▸ **Brief**
Nothing but the lines below between the line holding "using hvec_perm_apply[OF assms(1) j(1)]" and the line holding "(map (\<lambda>i. - x", inclusive, should appear in the answer, each set down exactly.

▸ **Available data**
(* Let $f:2^V\to\mathbb{R}$ be a monotone non-decreasing submodular function with $f(\emptyset)=0$. Then for every $x\in[0,1]^n$ and every permutation $\sigma$ of $V$, $$d_{\hat f}(x\|\sigma)\le \epsilon\, n\Big(\max_{j\in V} f(\{j\})-\min_{j\in V} f(j\mid V\setminus\{j\})\Big)\le \epsilon\, n\max_{j\in V} f(\{j\}),$$ where $\epsilon=\max_{i,j\in V}|x_i-x_j|$ and $f(j\mid A)=f(A\cup\{j\})-f(A)$.
   Context: Let $V=\{1,\dots,n\}$. A permutation $\sigma$ is a bijection $V\to V$, where $\sigma(i)$ is the element placed at rank $i$. Write $S^\sigma_0=\emptyset$, $S^\sigma_j=\{\sigma(1),\dots,\sigma(j)\}$. For $f:2^V\to\mathbb{R}$ define $h^f_\sigma\in\mathbb{R}^n$ by $h^f_\sigma(\sigma(j))=f(S^\sigma_j)-f(S^\sigma_{j-1})$. For $x\in\mathbb{R}^n$, $\sigma_x$ orders $x$ if $x(\sigma_x(1))\ge\cdots\ge x(\sigma_x(n))$; the Lovász extension is $\hat f(x)=\langle x,h^f_{\sigma_x}\rangle$ (independent of the choice of $\sigma_x$). The LB divergence is $d_{\hat f}(x\|\sigma)=\hat f(x)-\langle x,h^f_\sigma\rangle$ for $x\in[0,1]^n$. *)

theory Defs
  imports Complex_Main
begin

text \<open>Ground set V = {1..n}; set functions f :: nat set => real on subsets of V;
 vectors x in R^n as functions nat => real (only values on {1..n} matter);
 permutations as bijections of {1..n}.\<close>

definition is_perm :: "nat \<Rightarrow> (nat \<Rightarrow> nat) \<Rightarrow> bool" where
  "is_perm n \<sigma> \<longleftrightarrow> bij_betw \<sigma> {1..n} {1..n}"

definition prefix_set :: "(nat \<Rightarrow> nat) \<Rightarrow> nat \<Rightarrow> nat set" where
  "prefix_set \<sigma> j = \<sigma> ` {1..j}"

definition hvec :: "nat \<Rightarrow> (nat set \<Rightarrow> real) \<Rightarrow> (nat \<Rightarrow> nat) \<Rightarrow> nat \<Rightarrow> real" where
  "hvec n f \<sigma> i = (let j = inv_into {1..n} \<sigma> i in
       f (prefix_set \<sigma> j) - f (prefix_set \<sigma> (j - 1)))"

definition inner_n :: "nat \<Rightarrow> (nat \<Rightarrow> real) \<Rightarrow> (nat \<Rightarrow> real) \<Rightarrow> real" where
  "inner_n n x y = (\<Sum>i\<in>{1..n}. x i * y i)"

definition orders :: "nat \<Rightarrow> (nat \<Rightarrow> real) \<Rightarrow> (nat \<Rightarrow> nat) \<Rightarrow> bool" where
  "orders n x \<sigma> \<longleftrightarrow> is_perm n \<sigma> \<and> (\<forall>i\<in>{1..n}. \<forall>j\<in>{1..n}. i \<le> j \<longrightarrow> x (\<sigma> i) \<ge> x (\<sigma> j))"

definition lovasz :: "nat \<Rightarrow> (nat set \<Rightarrow> real) \<Rightarrow> (nat \<Rightarrow> real) \<Rightarrow> real" where
  "lovasz n f x = inner_n n x (hvec n f (SOME \<sigma>. orders n x \<sigma>))"

definition LB_div :: "nat \<Rightarrow> (nat set \<Rightarrow> real) \<Rightarrow> (nat \<Rightarrow> real) \<Rightarrow> (nat \<Rightarrow> nat) \<Rightarrow> real" where
  "LB_div n f x \<sigma> = lovasz n f x - inner_n n x (hvec n f \<sigma>)"

definition monotone_setfun :: "nat \<Rightarrow> (nat set \<Rightarrow> real) \<Rightarrow> bool" where
  "monotone_setfun n f \<longleftrightarrow> (\<forall>A B. A \<subseteq> B \<and> B \<subseteq> {1..n} \<longrightarrow> f A \<le> f B)"

definition submodular :: "nat \<Rightarrow> (nat set \<Rightarrow> real) \<Rightarrow> bool" where
  "submodular n f \<longleftrightarrow> (\<forall>A B. A \<subseteq> {1..n} \<and> B \<subseteq> {1..n} \<longrightarrow>
      f (A \<union> B) + f (A \<inter> B) \<le> f A + f B)"

definition marginal :: "(nat set \<Rightarrow> real) \<Rightarrow> nat \<Rightarrow> nat set \<Rightarrow> real" where
  "marginal f j A = f (A \<union> {j}) - f A"

end

theory Submission
  imports Defs
begin

text \<open>Both \<open>lovasz n f x\<close> and \<open>\<langle>x, h\<^sub>\<sigma>\<rangle>\<close> pair \<open>x\<close> with the greedy vector of some
  permutation, and every greedy vector sums to \<open>f V\<close>. Hence \<open>x\<close> may be shifted by its minimum,
  leaving weights in \<open>[0, \<epsilon>]\<close>. By submodularity every entry \<open>h\<^sub>\<tau> i\<close> lies between
  \<open>f(i | V - {i})\<close> and \<open>f {i}\<close>, so two greedy vectors differ entrywise by at most
  \<open>max f {j} - min f(j | V - {j})\<close>; monotonicity makes the subtracted term non-negative.\<close>

lemma submodularD:
  "submodular n f \<Longrightarrow> A \<subseteq> {1..n} \<Longrightarrow> B \<subseteq> {1..n} \<Longrightarrow> f (A \<union> B) + f (A \<inter> B) \<le> f A + f B"
  unfolding submodular_def by blast

lemma monotone_setfunD:
  "monotone_setfun n f \<Longrightarrow> A \<subseteq> B \<Longrightarrow> B \<subseteq> {1..n} \<Longrightarrow> f A \<le> f B"
  unfolding monotone_setfun_def by blast

lemma submodular_marginal_antimono:
  assumes "submodular n f" "A \<subseteq> B" "B \<subseteq> {1..n}" "k \<in> {1..n}" "k \<notin> B"
  shows "marginal f k B \<le> marginal f k A"
proof -
  have "A \<union> {k} \<subseteq> {1..n}" using assms by auto
  then have "f ((A \<union> {k}) \<union> B) + f ((A \<union> {k}) \<inter> B) \<le> f (A \<union> {k}) + f B"
    by (rule submodularD[OF assms(1) _ assms(3)])
  moreover have "(A \<union> {k}) \<union> B = B \<union> {k}" "(A \<union> {k}) \<inter> B = A"
    using assms by auto
  ultimately show ?thesis unfolding marginal_def by simp
qed

lemma monotone_marginal_nonneg:
  assumes "monotone_setfun n f" "A \<union> {j} \<subseteq> {1..n}"
  shows "0 \<le> marginal f j A"
  using monotone_setfunD[OF assms(1) Un_upper1 assms(2)] by (simp add: marginal_def)

lemma perm_prefix_set_Suc:
  assumes "is_perm n \<tau>" "j \<in> {1..n}"
  shows "prefix_set \<tau> j = prefix_set \<tau> (j - 1) \<union> {\<tau> j}"
    and "prefix_set \<tau> (j - 1) \<subseteq> {1..n}"
    and "\<tau> j \<notin> prefix_set \<tau> (j - 1)"
proof -
  have inj: "inj_on \<tau> {1..n}" and img: "\<tau> ` {1..n} = {1..n}"
    using assms(1) by (auto simp: is_perm_def bij_betw_def)
  have "{1..j} = insert j {1..j - 1}" using assms(2) by auto
  then show "prefix_set \<tau> j = prefix_set \<tau> (j - 1) \<union> {\<tau> j}"
    unfolding prefix_set_def by auto
  have "\<tau> ` {1..j - 1} \<subseteq> \<tau> ` {1..n}"
    using assms(2) by (intro image_mono) auto
  then show "prefix_set \<tau> (j - 1) \<subseteq> {1..n}"
    using img unfolding prefix_set_def by simp
  have "{1..j - 1} \<subseteq> {1..n}" using assms(2) by auto
  from inj_on_image_mem_iff[OF inj assms(2) this]
  show "\<tau> j \<notin> prefix_set \<tau> (j - 1)"
    unfolding prefix_set_def by auto
qed

lemma hvec_perm_apply:
  assumes "is_perm n \<tau>" "j \<in> {1..n}"
  shows "hvec n f \<tau> (\<tau> j) = marginal f (\<tau> j) (prefix_set \<tau> (j - 1))"
proof -
  have "inv_into {1..n} \<tau> (\<tau> j) = j"
    using assms by (meson bij_betw_imp_inj_on inv_into_f_f is_perm_def)
  then show ?thesis
    using perm_prefix_set_Suc(1)[OF assms] by (simp add: hvec_def marginal_def)
qed

lemma sum_hvec_perm:
  assumes "is_perm n \<tau>" "f {} = 0"
  shows "(\<Sum>i\<in>{1..n}. hvec n f \<tau> i) = f {1..n}"
proof -
  have bij: "bij_betw \<tau> {1..n} {1..n}" using assms(1) by (simp add: is_perm_def)
  have "(\<Sum>i\<in>{1..n}. hvec n f \<tau> i) = (\<Sum>j\<in>{1..n}. hvec n f \<tau> (\<tau> j))"
    using sum.reindex_bij_betw[OF bij, of "hvec n f \<tau>"] by simp
  also have "\<dots> = (\<Sum>j\<in>{1..n}. f (prefix_set \<tau> j) - f (prefix_set \<tau> (j - 1)))"
    using hvec_perm_apply[OF assms(1)] perm_prefix_set_Suc(1)[OF assms(1)]
    by (simp add: marginal_def)
  also have "\<dots> = f (prefix_set \<tau> n) - f (prefix_set \<tau> 0)"
    by (induction n) (auto simp: sum.cl_ivl_Suc)
  also have "\<dots> = f {1..n}"
    using bij assms(2) by (simp add: prefix_set_def bij_betw_def)
  finally show ?thesis .
qed

lemma hvec_between_marginals:
  assumes "is_perm n \<tau>" "submodular n f" "f {} = 0" "i \<in> {1..n}"
  shows "marginal f i ({1..n} - {i}) \<le> hvec n f \<tau> i" "hvec n f \<tau> i \<le> f {i}"
proof -
  have "i \<in> \<tau> ` {1..n}" using assms(1,4) by (simp add: is_perm_def bij_betw_def)
  then obtain j where j: "j \<in> {1..n}" "i = \<tau> j" by blast
  note prefix = perm_prefix_set_Suc[OF assms(1) j(1)]
  have h: "hvec n f \<tau> i = marginal f i (prefix_set \<tau> (j - 1))"
    using hvec_perm_apply[OF assms(1) j(1)] j(2) by simp
  show "marginal f i ({1..n} - {i}) \<le> hvec n f \<tau> i"
    unfolding h by (rule submodular_marginal_antimono[OF assms(2)]) (use prefix j assms(4) in auto)
  have "marginal f i (prefix_set \<tau> (j - 1)) \<le> marginal f i {}"
    by (rule submodular_marginal_antimono[OF assms(2)]) (use prefix j assms(4) in auto)
  then show "hvec n f \<tau> i \<le> f {i}"
    using h assms(3) by (simp add: marginal_def)
qed

lemma orders_exists: "\<exists>\<sigma>. orders n x \<sigma>"
proof -
  define xs where "xs = sort_key (\<lambda>i. - x i) [1..<n+1]"
  have len: "length xs = n" and dist: "distinct xs" and set_xs: "set xs = {1..n}"
    by (auto simp: xs_def)
  have sorted_xs: "sorted (map (\<lambda>i. - x i) xs)"
    unfolding xs_def by (rule sorted_sort_key)
  define \<sigma> where "\<sigma> i = xs ! (i - 1)" for i
  have shift: "{1..n} = Suc ` {0..<n}"
    by (simp add: image_Suc_atLeastLessThan atLeastLessThanSuc_atLeastAtMost)
  have "\<sigma> ` {1..n} = (\<lambda>k. xs ! k) ` {0..<n}"
    unfolding shift image_image \<sigma>_def by simp
  also have "\<dots> = set xs"
    using len by (auto simp: set_conv_nth)
  finally have "\<sigma> ` {1..n} = set xs" .
  moreover have "inj_on \<sigma> {1..n}"
    unfolding inj_on_def \<sigma>_def using dist len by (auto simp: nth_eq_iff_index_eq)
  ultimately have "is_perm n \<sigma>"
    using set_xs by (simp add: is_perm_def bij_betw_def)
  moreover have "x (\<sigma> j) \<le> x (\<sigma> i)" if "i \<in> {1..n}" "j \<in> {1..n}" "i \<le> j" for i j
    using sorted_nth_mono[OF sorted_xs, of "i - 1" "j - 1"] that len by (auto simp: \<sigma>_def)
  ultimately show ?thesis unfolding orders_def by blast
qed

lemma lovasz_eq_greedy: "\<exists>\<tau>. is_perm n \<tau> \<and> lovasz n f x = inner_n n x (hvec n f \<tau>)"
  using someI_ex[OF orders_exists] unfolding lovasz_def orders_def by blast

lemma hvec_diff_le:
  assumes "is_perm n \<tau>" "is_perm n \<sigma>" "submodular n f" "f {} = 0" "i \<in> {1..n}"
  shows "hvec n f \<tau> i - hvec n f \<sigma> i
    \<le> Max ((\<lambda>j. f {j}) ` {1..n}) - Min ((\<lambda>j. marginal f j ({1..n} - {j})) ` {1..n})"
proof -
  have "f {i} \<le> Max ((\<lambda>j. f {j}) ` {1..n})"
    and "Min ((\<lambda>j. marginal f j ({1..n} - {j})) ` {1..n}) \<le> marginal f i ({1..n} - {i})"
    using assms(5) by auto
  then show ?thesis
    using hvec_between_marginals[OF assms(1,3,4,5)] hvec_between_marginals[OF assms(2,3,4,5)]
    by linarith
qed

lemma Min_marginal_nonneg:
  assumes "monotone_setfun n f" "n \<noteq> 0"
  shows "0 \<le> Min ((\<lambda>j. marginal f j ({1..n} - {j})) ` {1..n})"
  using monotone_marginal_nonneg[OF assms(1)] assms(2) by (subst Min_ge_iff) auto

lemma abs_diff_le_spread:
  fixes x :: "'a \<Rightarrow> real"
  assumes "finite V" "i \<in> V" "j \<in> V"
  shows "\<bar>x i - x j\<bar> \<le> Max {\<bar>x i - x j\<bar> | i j. i \<in> V \<and> j \<in> V}"
proof (rule Max_ge)
  show "finite {\<bar>x i - x j\<bar> | i j. i \<in> V \<and> j \<in> V}"
    using assms(1) by (intro finite_image_set2) auto
qed (use assms in blast)

text \<open>Subtracting \<open>c = min x\<close> leaves the difference unchanged because \<open>h\<close> and \<open>g\<close> have equal
  sums; afterwards every weight \<open>x i - c\<close> lies in \<open>[0, \<epsilon>]\<close>.\<close>
lemma inner_diff_le_spread:
  fixes x h g :: "'a \<Rightarrow> real"
  assumes "finite V" "sum h V = sum g V" "0 \<le> D"
    and spread: "\<And>i j. i \<in> V \<Longrightarrow> j \<in> V \<Longrightarrow> \<bar>x i - x j\<bar> \<le> \<epsilon>"
    and diff: "\<And>i. i \<in> V \<Longrightarrow> h i - g i \<le> D"
  shows "(\<Sum>i\<in>V. x i * h i) - (\<Sum>i\<in>V. x i * g i) \<le> \<epsilon> * card V * D"
proof (cases "V = {}")
  case False
  define c where "c = Min (x ` V)"
  have "c \<in> x ` V"
    unfolding c_def using False assms(1) by (intro Min_in) auto
  then obtain k where k: "k \<in> V" "x k = c" by blast
  have weight: "0 \<le> x i - c" "x i - c \<le> \<epsilon>" if "i \<in> V" for i
    using that assms(1) spread[OF that k(1)] k(2) by (auto simp: c_def)
  have "(\<Sum>i\<in>V. x i * h i) - (\<Sum>i\<in>V. x i * g i) = (\<Sum>i\<in>V. (x i - c) * (h i - g i))
      + c * (sum h V - sum g V)"
    by (simp add: sum_subtractf sum_distrib_left sum.distrib algebra_simps)
  also have "\<dots> = (\<Sum>i\<in>V. (x i - c) * (h i - g i))"
    using assms(2) by simp
  also have "\<dots> \<le> (\<Sum>i\<in>V. \<epsilon> * D)"
  proof (rule sum_mono)
    fix i assume i: "i \<in> V"
    have "(x i - c) * (h i - g i) \<le> (x i - c) * D"
      using diff[OF i] weight(1)[OF i] by (rule mult_left_mono)
    also have "\<dots> \<le> \<epsilon> * D"
      using weight(2)[OF i] assms(3) by (rule mult_right_mono)
    finally show "(x i - c) * (h i - g i) \<le> \<epsilon> * D" .
  qed
  also have "\<dots> = \<epsilon> * card V * D"
    by simp
  finally show ?thesis .
qed simp

theorem mainTheorem7:
  fixes n :: nat and f :: "nat set \<Rightarrow> real" and x :: "nat \<Rightarrow> real" and \<sigma> :: "nat \<Rightarrow> nat"
  assumes "monotone_setfun n f" and "submodular n f" and "f {} = 0"
    and "\<forall>i\<in>{1..n}. 0 \<le> x i \<and> x i \<le> 1"
    and "is_perm n \<sigma>"
  defines "\<epsilon> \<equiv> Max {\<bar>x i - x j\<bar> | i j. i \<in> {1..n} \<and> j \<in> {1..n}}"
  shows "LB_div n f x \<sigma> \<le> \<epsilon> * real n * (Max ((\<lambda>j. f {j}) ` {1..n})
              - Min ((\<lambda>j. marginal f j ({1..n} - {j})) ` {1..n}))
    \<and> \<epsilon> * real n * (Max ((\<lambda>j. f {j}) ` {1..n})
              - Min ((\<lambda>j. marginal f j ({1..n} - {j})) ` {1..n}))
      \<le> \<epsilon> * real n * Max ((\<lambda>j. f {j}) ` {1..n})"
proof (cases "n = 0")
  case True
  then show ?thesis by (simp add: LB_div_def lovasz_def inner_n_def)
next
  case False
  let ?V = "{1..n}"
  let ?D = "Max ((\<lambda>j. f {j}) ` ?V) - Min ((\<lambda>j. marginal f j (?V - {j})) ` ?V)"
  obtain \<tau> where \<tau>: "is_perm n \<tau>" and lovasz: "lovasz n f x = inner_n n x (hvec n f \<tau>)"
    using lovasz_eq_greedy by blast
  have "1 \<in> ?V" using False by simp
  have "0 \<le> ?D"
    using hvec_diff_le[OF assms(5,5,2,3) \<open>1 \<in> ?V\<close>] by simp
  have spread: "\<bar>x i - x j\<bar> \<le> \<epsilon>" if "i \<in> ?V" "j \<in> ?V" for i j
    unfolding \<epsilon>_def using that by (intro abs_diff_le_spread) auto
  have "LB_div n f x \<sigma> \<le> \<epsilon> * card ?V * ?D"
    unfolding LB_div_def lovasz inner_n_def
  proof (rule inner_diff_le_spread[OF finite_atLeastAtMost _ \<open>0 \<le> ?D\<close>])
    show "sum (hvec n f \<tau>) ?V = sum (hvec n f \<sigma>) ?V"
      using sum_hvec_perm[of n _ f] \<tau> assms(3,5) by simp
  qed (fact spread hvec_diff_le[OF \<tau> assms(5,2,3)])+
  moreover have "\<epsilon> * real n * ?D \<le> \<epsilon> * real n * Max ((\<lambda>j. f {j}) ` ?V)"
    using Min_marginal_nonneg[OF assms(1) False] spread[OF \<open>1 \<in> ?V\<close> \<open>1 \<in> ?V\<close>]
    by (intro mult_left_mono) auto
  ultimately show ?thesis by simp
qed

end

▸ **Solution to this exercise**
    using hvec_perm_apply[OF assms(1) j(1)] j(2) by simp
  show "marginal f i ({1..n} - {i}) \<le> hvec n f \<tau> i"
    unfolding h by (rule submodular_marginal_antimono[OF assms(2)]) (use prefix j assms(4) in auto)
  have "marginal f i (prefix_set \<tau> (j - 1)) \<le> marginal f i {}"
    by (rule submodular_marginal_antimono[OF assms(2)]) (use prefix j assms(4) in auto)
  then show "hvec n f \<tau> i \<le> f {i}"
    using h assms(3) by (simp add: marginal_def)
qed

lemma orders_exists: "\<exists>\<sigma>. orders n x \<sigma>"
proof -
  define xs where "xs = sort_key (\<lambda>i. - x i) [1..<n+1]"
  have len: "length xs = n" and dist: "distinct xs" and set_xs: "set xs = {1..n}"
    by (auto simp: xs_def)
  have sorted_xs: "sorted (map (\<lambda>i. - x i) xs)"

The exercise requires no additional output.